● TASK OBJECTIVE
Count the lines containing "injp" in the entries underneath, and state that count without anything else.

● Extracted records
____________________

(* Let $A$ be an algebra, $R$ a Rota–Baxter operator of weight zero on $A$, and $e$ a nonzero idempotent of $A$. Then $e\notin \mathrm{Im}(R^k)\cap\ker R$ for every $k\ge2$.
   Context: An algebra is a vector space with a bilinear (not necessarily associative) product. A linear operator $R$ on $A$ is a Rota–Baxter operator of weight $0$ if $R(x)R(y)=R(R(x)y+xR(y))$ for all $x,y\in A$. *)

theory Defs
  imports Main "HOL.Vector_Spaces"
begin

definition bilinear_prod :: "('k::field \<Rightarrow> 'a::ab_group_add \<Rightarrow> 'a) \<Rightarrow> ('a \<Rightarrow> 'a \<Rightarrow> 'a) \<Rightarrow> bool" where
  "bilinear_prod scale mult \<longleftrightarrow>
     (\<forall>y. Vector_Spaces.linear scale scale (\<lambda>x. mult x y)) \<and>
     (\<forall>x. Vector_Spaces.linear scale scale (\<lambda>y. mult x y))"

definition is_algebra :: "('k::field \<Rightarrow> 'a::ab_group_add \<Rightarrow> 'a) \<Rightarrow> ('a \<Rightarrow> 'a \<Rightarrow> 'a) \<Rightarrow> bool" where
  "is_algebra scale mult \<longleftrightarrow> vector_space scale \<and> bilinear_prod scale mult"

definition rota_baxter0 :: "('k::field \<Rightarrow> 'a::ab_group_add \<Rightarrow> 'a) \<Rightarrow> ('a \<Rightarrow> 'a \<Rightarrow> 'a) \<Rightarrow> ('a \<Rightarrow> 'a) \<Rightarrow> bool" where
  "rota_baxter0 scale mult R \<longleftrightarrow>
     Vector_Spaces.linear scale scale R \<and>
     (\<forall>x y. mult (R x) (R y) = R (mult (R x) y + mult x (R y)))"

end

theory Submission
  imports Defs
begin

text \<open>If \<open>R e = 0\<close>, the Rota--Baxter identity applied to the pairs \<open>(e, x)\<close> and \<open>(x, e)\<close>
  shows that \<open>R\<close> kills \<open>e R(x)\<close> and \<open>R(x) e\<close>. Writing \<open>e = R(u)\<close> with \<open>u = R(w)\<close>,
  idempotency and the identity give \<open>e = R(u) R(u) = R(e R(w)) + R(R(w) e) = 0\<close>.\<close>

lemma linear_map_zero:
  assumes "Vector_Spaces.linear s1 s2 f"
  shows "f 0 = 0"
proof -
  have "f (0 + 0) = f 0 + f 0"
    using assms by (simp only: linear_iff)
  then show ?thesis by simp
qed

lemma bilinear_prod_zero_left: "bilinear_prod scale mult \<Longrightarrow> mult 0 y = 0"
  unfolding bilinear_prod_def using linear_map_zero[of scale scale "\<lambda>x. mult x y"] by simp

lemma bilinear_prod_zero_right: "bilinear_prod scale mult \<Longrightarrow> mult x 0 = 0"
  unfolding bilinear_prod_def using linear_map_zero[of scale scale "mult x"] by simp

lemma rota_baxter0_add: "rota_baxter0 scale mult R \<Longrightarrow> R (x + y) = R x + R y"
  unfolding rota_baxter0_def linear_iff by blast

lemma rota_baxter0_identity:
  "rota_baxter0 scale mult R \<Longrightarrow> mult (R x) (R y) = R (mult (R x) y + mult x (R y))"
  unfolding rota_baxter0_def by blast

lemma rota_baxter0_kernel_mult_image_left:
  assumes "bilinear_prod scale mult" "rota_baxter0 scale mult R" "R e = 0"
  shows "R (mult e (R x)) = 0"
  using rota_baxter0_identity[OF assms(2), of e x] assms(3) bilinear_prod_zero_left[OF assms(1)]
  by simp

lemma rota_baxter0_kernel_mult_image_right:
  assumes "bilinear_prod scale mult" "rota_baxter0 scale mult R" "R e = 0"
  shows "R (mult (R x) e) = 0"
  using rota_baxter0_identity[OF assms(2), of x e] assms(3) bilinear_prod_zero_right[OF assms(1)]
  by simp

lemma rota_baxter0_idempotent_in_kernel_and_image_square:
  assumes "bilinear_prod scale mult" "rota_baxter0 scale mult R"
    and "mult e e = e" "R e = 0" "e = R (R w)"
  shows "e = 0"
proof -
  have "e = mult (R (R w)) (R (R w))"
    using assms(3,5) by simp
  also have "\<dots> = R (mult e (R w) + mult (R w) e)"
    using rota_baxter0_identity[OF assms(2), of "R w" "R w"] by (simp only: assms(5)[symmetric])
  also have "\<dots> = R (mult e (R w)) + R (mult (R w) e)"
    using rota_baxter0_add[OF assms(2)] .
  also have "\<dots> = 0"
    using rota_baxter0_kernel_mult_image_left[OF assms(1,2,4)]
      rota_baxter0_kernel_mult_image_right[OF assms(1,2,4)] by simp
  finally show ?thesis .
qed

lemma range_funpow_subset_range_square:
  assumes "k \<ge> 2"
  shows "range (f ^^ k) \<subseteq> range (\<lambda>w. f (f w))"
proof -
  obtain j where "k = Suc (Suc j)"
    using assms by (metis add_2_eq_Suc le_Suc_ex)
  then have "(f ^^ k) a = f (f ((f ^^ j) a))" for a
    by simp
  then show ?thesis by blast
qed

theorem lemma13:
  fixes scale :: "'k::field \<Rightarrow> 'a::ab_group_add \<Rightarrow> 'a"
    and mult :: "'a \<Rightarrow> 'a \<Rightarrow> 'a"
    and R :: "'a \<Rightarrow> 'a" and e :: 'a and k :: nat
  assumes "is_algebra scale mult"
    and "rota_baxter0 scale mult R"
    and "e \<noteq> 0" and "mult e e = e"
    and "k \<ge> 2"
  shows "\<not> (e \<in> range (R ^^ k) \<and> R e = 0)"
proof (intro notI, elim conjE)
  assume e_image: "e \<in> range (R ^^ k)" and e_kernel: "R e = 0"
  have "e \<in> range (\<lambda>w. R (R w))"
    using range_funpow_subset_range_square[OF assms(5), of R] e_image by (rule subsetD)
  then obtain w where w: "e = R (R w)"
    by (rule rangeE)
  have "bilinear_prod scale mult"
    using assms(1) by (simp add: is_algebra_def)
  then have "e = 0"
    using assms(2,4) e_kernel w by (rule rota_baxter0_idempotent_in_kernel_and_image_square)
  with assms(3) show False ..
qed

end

____________________

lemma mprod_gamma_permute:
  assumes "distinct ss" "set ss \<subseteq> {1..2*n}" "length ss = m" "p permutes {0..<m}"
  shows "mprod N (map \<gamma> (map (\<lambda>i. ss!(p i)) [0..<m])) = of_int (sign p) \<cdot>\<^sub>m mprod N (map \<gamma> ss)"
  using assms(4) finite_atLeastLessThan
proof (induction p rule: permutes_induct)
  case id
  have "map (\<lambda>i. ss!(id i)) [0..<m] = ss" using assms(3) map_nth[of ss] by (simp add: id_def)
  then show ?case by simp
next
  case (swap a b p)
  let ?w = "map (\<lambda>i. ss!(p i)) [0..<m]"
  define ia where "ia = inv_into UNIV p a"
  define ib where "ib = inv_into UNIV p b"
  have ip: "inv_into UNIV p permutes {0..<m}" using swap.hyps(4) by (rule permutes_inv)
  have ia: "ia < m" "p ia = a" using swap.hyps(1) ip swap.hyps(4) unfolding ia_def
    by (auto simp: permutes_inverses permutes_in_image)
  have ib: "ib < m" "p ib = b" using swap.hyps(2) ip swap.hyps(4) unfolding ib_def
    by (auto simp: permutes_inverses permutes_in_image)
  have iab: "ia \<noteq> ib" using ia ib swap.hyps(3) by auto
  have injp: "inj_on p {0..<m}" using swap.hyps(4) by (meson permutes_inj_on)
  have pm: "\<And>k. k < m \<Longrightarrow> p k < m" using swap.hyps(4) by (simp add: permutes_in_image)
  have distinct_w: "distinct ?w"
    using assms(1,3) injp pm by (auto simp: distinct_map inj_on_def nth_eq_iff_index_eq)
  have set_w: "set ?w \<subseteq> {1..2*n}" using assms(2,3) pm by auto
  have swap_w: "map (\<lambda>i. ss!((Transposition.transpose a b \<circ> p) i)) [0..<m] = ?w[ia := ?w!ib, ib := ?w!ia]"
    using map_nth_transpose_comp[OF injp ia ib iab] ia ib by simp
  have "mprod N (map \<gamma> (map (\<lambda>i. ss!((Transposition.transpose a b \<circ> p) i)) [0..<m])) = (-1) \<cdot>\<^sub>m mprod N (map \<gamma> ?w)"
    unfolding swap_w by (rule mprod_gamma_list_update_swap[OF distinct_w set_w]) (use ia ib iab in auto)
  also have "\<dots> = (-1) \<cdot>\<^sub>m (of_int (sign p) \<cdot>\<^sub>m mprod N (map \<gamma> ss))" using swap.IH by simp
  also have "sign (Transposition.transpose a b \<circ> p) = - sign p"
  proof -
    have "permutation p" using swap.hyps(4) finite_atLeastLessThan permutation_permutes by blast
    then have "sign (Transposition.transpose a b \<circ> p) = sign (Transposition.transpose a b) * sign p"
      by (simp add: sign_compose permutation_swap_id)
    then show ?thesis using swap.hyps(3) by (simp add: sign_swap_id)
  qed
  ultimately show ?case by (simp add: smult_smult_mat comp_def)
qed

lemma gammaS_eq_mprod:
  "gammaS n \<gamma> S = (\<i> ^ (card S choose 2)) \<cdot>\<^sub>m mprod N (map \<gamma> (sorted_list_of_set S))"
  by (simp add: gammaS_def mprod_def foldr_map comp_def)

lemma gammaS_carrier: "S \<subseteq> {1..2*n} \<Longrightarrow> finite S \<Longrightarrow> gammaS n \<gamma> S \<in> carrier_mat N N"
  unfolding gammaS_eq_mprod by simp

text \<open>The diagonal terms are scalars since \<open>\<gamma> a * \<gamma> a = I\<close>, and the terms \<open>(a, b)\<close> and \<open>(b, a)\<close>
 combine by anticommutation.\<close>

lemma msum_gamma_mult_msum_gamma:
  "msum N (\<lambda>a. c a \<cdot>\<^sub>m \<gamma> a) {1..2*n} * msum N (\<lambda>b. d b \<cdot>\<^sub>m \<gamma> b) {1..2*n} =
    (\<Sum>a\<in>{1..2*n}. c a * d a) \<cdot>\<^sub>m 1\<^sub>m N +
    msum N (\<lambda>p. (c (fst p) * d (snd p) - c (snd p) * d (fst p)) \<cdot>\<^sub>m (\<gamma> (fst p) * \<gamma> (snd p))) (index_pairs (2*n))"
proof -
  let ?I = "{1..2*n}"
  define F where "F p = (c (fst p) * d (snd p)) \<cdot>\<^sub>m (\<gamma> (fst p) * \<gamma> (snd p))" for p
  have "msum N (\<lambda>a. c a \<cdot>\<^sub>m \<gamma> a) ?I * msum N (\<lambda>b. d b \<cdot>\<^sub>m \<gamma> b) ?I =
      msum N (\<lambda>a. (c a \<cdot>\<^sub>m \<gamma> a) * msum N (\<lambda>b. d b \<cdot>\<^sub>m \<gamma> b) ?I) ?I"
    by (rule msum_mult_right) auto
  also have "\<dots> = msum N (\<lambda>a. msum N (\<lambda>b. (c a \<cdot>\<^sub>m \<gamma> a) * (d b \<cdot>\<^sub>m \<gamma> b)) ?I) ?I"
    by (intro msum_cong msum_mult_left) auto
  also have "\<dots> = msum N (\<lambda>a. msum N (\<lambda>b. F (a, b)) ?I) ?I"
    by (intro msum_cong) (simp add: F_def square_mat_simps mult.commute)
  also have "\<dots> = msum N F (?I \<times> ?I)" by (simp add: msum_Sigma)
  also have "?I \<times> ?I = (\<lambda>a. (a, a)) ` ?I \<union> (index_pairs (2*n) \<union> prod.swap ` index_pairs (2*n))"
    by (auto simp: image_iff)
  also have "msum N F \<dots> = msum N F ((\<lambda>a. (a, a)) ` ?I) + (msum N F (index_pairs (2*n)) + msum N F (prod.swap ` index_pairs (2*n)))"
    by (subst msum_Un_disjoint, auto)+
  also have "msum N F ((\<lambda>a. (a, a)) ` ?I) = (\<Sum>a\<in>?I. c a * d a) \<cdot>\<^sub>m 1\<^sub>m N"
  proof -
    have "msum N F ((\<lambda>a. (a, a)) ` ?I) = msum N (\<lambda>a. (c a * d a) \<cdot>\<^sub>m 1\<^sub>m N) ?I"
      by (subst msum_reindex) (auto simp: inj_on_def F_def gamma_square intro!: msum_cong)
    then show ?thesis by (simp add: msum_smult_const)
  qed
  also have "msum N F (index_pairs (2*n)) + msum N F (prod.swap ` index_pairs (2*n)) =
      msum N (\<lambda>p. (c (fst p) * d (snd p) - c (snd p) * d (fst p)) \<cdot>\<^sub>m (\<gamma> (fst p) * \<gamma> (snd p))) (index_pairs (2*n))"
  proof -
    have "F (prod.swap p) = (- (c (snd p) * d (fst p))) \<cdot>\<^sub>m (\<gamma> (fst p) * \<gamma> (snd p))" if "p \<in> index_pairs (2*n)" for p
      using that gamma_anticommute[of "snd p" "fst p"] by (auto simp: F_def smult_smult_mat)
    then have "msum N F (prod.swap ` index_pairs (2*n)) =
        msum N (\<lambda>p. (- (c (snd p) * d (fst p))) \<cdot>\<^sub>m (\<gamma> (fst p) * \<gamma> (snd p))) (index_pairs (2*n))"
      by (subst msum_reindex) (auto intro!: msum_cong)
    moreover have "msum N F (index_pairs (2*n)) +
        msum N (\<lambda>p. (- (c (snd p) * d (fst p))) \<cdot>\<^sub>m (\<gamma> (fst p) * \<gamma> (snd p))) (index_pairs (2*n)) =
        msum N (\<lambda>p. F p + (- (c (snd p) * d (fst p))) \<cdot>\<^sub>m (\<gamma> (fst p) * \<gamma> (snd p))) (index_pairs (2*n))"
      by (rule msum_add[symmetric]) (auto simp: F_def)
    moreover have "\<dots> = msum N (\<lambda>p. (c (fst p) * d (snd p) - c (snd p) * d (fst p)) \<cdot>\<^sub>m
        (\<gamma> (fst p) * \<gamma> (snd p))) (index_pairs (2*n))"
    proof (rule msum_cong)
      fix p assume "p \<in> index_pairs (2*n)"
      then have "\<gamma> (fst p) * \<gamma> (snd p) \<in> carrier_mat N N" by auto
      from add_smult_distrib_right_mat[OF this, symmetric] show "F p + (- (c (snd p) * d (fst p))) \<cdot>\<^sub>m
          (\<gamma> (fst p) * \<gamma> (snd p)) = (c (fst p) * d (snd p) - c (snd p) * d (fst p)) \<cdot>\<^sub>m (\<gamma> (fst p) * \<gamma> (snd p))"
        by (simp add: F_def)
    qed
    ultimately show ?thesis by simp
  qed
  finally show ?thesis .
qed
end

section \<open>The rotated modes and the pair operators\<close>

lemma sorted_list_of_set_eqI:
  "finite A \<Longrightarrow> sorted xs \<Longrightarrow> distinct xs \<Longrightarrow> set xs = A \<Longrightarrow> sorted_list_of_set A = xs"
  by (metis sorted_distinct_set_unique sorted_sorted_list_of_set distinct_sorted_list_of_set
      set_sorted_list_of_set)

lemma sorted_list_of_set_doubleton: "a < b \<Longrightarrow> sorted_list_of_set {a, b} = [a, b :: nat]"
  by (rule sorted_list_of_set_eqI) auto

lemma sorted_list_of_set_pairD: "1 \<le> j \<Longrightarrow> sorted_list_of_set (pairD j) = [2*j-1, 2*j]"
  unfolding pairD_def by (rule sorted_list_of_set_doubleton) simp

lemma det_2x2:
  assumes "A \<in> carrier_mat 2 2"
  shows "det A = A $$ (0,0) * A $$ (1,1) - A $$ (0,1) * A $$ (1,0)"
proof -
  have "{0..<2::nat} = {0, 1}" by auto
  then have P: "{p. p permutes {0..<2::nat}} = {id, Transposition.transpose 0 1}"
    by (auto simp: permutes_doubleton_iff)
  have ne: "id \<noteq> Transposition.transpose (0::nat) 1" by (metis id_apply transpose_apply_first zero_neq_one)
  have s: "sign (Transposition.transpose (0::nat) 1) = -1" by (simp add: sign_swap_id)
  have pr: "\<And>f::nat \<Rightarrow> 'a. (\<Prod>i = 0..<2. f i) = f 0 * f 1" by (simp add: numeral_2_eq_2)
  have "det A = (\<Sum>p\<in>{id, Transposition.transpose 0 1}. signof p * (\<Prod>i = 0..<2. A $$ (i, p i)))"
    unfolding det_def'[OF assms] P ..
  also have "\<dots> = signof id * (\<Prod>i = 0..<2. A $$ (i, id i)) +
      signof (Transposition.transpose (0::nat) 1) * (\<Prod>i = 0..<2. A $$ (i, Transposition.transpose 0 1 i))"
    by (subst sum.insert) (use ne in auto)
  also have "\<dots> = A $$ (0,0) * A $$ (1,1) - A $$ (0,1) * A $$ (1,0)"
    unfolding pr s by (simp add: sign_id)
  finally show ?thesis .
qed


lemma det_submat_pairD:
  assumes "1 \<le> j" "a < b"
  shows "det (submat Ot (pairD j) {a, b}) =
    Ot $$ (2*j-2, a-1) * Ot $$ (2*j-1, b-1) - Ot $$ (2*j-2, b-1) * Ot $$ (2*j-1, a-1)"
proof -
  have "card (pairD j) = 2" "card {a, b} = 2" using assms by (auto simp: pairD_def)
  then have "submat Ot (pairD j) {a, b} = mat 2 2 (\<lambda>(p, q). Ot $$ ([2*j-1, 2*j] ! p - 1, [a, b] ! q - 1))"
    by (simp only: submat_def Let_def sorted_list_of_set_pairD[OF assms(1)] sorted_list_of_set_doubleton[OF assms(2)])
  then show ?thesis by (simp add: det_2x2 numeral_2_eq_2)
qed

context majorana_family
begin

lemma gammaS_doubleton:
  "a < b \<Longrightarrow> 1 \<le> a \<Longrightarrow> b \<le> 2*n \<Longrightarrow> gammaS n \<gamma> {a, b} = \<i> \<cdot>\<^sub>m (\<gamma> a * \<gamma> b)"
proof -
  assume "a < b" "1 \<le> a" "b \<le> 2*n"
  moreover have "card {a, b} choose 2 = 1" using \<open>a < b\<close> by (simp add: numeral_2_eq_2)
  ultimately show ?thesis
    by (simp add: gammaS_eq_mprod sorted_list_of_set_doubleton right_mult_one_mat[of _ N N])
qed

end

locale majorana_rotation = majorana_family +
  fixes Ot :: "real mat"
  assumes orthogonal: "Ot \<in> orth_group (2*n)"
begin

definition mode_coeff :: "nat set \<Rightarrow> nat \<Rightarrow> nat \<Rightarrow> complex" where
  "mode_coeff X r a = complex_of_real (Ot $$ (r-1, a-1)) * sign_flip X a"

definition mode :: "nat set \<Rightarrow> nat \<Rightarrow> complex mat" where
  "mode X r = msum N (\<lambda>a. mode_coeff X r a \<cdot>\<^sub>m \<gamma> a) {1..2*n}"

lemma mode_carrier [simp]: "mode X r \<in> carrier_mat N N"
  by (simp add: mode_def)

____________________

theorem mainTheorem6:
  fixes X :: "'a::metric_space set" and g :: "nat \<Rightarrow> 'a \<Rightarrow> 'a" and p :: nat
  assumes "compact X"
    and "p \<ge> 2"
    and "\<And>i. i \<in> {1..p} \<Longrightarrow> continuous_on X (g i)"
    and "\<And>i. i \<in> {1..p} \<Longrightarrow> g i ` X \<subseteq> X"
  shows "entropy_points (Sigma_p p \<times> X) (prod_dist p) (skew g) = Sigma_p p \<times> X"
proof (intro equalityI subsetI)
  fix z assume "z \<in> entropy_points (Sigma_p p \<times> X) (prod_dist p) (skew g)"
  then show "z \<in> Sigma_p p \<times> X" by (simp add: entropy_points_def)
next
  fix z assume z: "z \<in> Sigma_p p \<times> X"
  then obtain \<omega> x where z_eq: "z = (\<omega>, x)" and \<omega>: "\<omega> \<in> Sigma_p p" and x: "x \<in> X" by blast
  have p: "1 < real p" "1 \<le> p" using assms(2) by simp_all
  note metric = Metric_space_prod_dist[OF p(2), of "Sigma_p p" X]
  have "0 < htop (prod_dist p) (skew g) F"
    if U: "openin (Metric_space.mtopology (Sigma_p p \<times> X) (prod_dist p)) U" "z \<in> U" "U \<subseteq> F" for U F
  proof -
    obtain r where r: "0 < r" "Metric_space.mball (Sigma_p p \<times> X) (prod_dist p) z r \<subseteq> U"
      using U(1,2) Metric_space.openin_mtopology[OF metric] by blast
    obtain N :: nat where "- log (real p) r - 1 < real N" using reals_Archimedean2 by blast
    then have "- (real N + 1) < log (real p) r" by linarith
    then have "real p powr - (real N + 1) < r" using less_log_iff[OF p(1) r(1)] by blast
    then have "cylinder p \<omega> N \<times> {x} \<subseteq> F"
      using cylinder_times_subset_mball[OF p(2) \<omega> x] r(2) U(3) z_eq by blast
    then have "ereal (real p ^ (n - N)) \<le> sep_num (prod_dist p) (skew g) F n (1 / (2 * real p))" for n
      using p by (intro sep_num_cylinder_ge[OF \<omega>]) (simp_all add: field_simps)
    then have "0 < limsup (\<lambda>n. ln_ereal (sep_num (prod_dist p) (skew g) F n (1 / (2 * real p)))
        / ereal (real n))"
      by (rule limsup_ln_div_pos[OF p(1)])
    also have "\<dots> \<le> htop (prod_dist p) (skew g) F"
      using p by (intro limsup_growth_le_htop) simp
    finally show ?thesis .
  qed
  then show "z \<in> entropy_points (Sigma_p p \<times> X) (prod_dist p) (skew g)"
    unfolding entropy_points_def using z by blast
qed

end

____________________

● EXERCISE ANSWER
3